Surge in University Students Flagged Under Prevent Program for Extremist Ideologies

The number of university students flagged under the UK government’s Prevent counter-extremism program has increased by 50% over the past two years, with “mixed, unclear, or unstable” (MUU) ideologies seeing the most significant rise, according to recent figures.

Increase in MUU Extremist Ideologies

The latest data from the Office for Students, the higher education regulator for England, reveals that students identified with MUU extremist ideologies now represent the largest category. MUU describes individuals exhibiting elements from multiple ideologies, such as men’s rights, incels, conspiracy theories, or those without a coherent ideology who may still be vulnerable to terrorism.

In the 2022-23 academic year, 210 Prevent cases were escalated within the higher education sector, up from 165 in 2021-22 and 139 in 2020-21. The lower figures during the earlier years can be partly attributed to campus closures due to the Covid pandemic.

Rising Concern Among Researchers

Patrik Hermansson, a senior researcher at Hope Not Hate, which campaigns against racism and fascism, expressed concern over the rise in university referrals. “The increase aligns with the growing interest in extremist ideologies among young people in the UK,” Hermansson noted.
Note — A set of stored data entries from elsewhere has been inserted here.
lemma satt_append_iff:
  assumes "distinct (u @ x)" "length c = length u" "length ds = length x"
    and "set c \<subseteq> dom M" "set ds \<subseteq> dom M" "dom M \<noteq> {}" "freevars \<phi> \<subseteq> set u"
  shows "satt M \<phi> (u @ x) (c @ ds) \<longleftrightarrow> satt M \<phi> u c"
proof -
  obtain e where e: "range e \<subseteq> dom M" "matches e (u @ x) (c @ ds)"
    using matching_env_exists[of "u @ x" "c @ ds" "dom M"] assms by auto
  then have "satt M \<phi> (u @ x) (c @ ds) \<longleftrightarrow> sat M e \<phi>"
    using satt_iff_sat[of "c @ ds" "u @ x" M \<phi> e] assms by auto
  also have "\<dots> \<longleftrightarrow> satt M \<phi> u c"
    using satt_iff_sat[of c u M \<phi> e] assms e matches_append_left[OF e(2) assms(2)] by auto
  finally show ?thesis .
qed

section \<open>Isomorphisms and elementary substructures\<close>

definition iso_on :: "('f,'r) lang \<Rightarrow> ('a \<Rightarrow> 'b) \<Rightarrow> ('a,'f,'r) strc \<Rightarrow> ('b,'f,'r) strc \<Rightarrow> bool" where
  "iso_on L h M N \<longleftrightarrow> inj_on h (dom M) \<and> h ` dom M = dom N \<and> is_struct L M \<and>
    (\<forall>f as. length as = farity L f \<and> set as \<subseteq> dom M \<longrightarrow> h (fint M f as) = fint N f (map h as)) \<and>
    (\<forall>r as. length as = rarity L r \<and> set as \<subseteq> dom M \<longrightarrow> rint N r (map h as) = rint M r as)"

lemma range_inv_into_comp: "range e \<subseteq> h ` A \<Longrightarrow> range (inv_into A h \<circ> e) \<subseteq> A"
  by (auto simp: image_subset_iff inv_into_into)

lemma comp_inv_into_comp: "range e \<subseteq> h ` A \<Longrightarrow> h \<circ> (inv_into A h \<circ> e) = e"
  by (auto simp: image_subset_iff f_inv_into_f)

lemma map_f_inv_into:
  "set bs \<subseteq> h ` A \<Longrightarrow> bs = map h (map (inv_into A h) bs) \<and> set (map (inv_into A h) bs) \<subseteq> A"
  by (induct bs) (auto simp: f_inv_into_f inv_into_into)

lemma iso_eval:
  assumes "iso_on L h M N" "range e \<subseteq> dom M"
  shows "wf_trm L t \<Longrightarrow> eval M e t \<in> dom M \<and> h (eval M e t) = eval N (h \<circ> e) t"
proof (induct t)
  case (Fn f ts)
  then have IH: "\<And>t. t \<in> set ts \<Longrightarrow> eval M e t \<in> dom M \<and> h (eval M e t) = eval N (h \<circ> e) t"
    and len: "length (map (eval M e) ts) = farity L f"
    by (auto simp: comp_def)
  then have s: "set (map (eval M e) ts) \<subseteq> dom M"
    and m: "map (eval N (h \<circ> e)) ts = map h (map (eval M e) ts)"
    by (auto simp: comp_def)
  have "fint M f (map (eval M e) ts) \<in> dom M"
    using assms(1) s len by (simp add: iso_on_def is_struct_def)
  moreover have "h (fint M f (map (eval M e) ts)) = fint N f (map h (map (eval M e) ts))"
    using assms(1) s len by (simp add: iso_on_def)
  ultimately show ?case
    by (simp only: eval.simps m)
qed (use assms in auto)

lemma iso_sat:
  assumes "iso_on L h M N"
  shows "wf_fm L \<phi> \<Longrightarrow> range e \<subseteq> dom M \<Longrightarrow> sat N (h \<circ> e) \<phi> = sat M e \<phi>"
proof (induct \<phi> arbitrary: e)
  case (Eq s t)
  have inj: "inj_on h (dom M)"
    using assms by (simp add: iso_on_def)
  have m: "eval M e s \<in> dom M" "eval M e t \<in> dom M"
    and "eval N (h \<circ> e) s = h (eval M e s)" "eval N (h \<circ> e) t = h (eval M e t)"
    using iso_eval[OF assms Eq(2)] Eq(1) by auto
  then show ?case
    by (simp only: sat.simps inj_on_eq_iff[OF inj m])
next
  case (Rel r ts)
  have IH: "\<And>t. t \<in> set ts \<Longrightarrow> eval M e t \<in> dom M \<and> h (eval M e t) = eval N (h \<circ> e) t"
    using iso_eval[OF assms Rel(2)] Rel(1) by auto
  then have s: "set (map (eval M e) ts) \<subseteq> dom M"
    and m: "map (eval N (h \<circ> e)) ts = map h (map (eval M e) ts)"
    by (auto simp: comp_def)
  moreover have "length (map (eval M e) ts) = rarity L r"
    using Rel(1) by simp
  ultimately have "rint N r (map h (map (eval M e) ts)) = rint M r (map (eval M e) ts)"
    using assms unfolding iso_on_def by blast
  then show ?case
    by (simp only: sat.simps m)
next
  case (Ex x \<phi>)
  have "sat N ((h \<circ> e)(x := h a)) \<phi> = sat M (e(x := a)) \<phi>" if "a \<in> dom M" for a
  proof -
    have eq: "(h \<circ> e)(x := h a) = h \<circ> (e(x := a))"
      by auto
    have "range (e(x := a)) \<subseteq> dom M" "wf_fm L \<phi>"
      using that Ex(2,3) by auto
    then have "sat N (h \<circ> (e(x := a))) \<phi> = sat M (e(x := a)) \<phi>"
      by (intro Ex.hyps)
    then show ?thesis
      by (simp only: eq)
  qed
  moreover have "dom N = h ` dom M"
    using assms by (simp add: iso_on_def)
  then have "(\<exists>b\<in>dom N. sat N ((h \<circ> e)(x := b)) \<phi>) \<longleftrightarrow> (\<exists>a\<in>dom M. sat N ((h \<circ> e)(x := h a)) \<phi>)"
    by auto
  ultimately show ?case
    by (simp only: sat.simps) auto
qed simp_all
He added that the MUU category is broad and poorly defined, often reflecting individuals with extreme views on single issues, such as misogyny, or those with esoteric worldviews like those of the Order of Nine Angles, a Nazi satanist organization, and conspiracism.

Escalation and Referral Trends

MUU extremism cases have nearly doubled in two years, with 95 cases escalated to institutional Prevent lead officers in 2022-23, compared to 50 in 2020-21. Of these, 55 cases were concerning enough to seek external Prevent advice, up from 31 two years ago. Formal Prevent referrals for MUU extremism rose from 13 in 2020-21 to 30 in the latest academic year.

Cases of alleged Islamist and extreme right-wing radicalization have also seen slight increases over the past year. Suspected Islamist radicalization cases rose from 35 in 2021-22 to 40 in 2022-23, while extreme right-wing cases increased from 30 to 35.

Context and Broader Implications

The most recent data covers the 2022-23 academic year and does not include the period following the Hamas attack on October 7 and the subsequent conflict in Gaza. However, it does address the issue of external campus speakers, indicating that less than 1% of these were rejected in 2022-23, primarily for procedural reasons.

This surge in Prevent cases among university students highlights a growing concern over the spread of extremist ideologies and the need for continued vigilance and intervention within the higher education sector.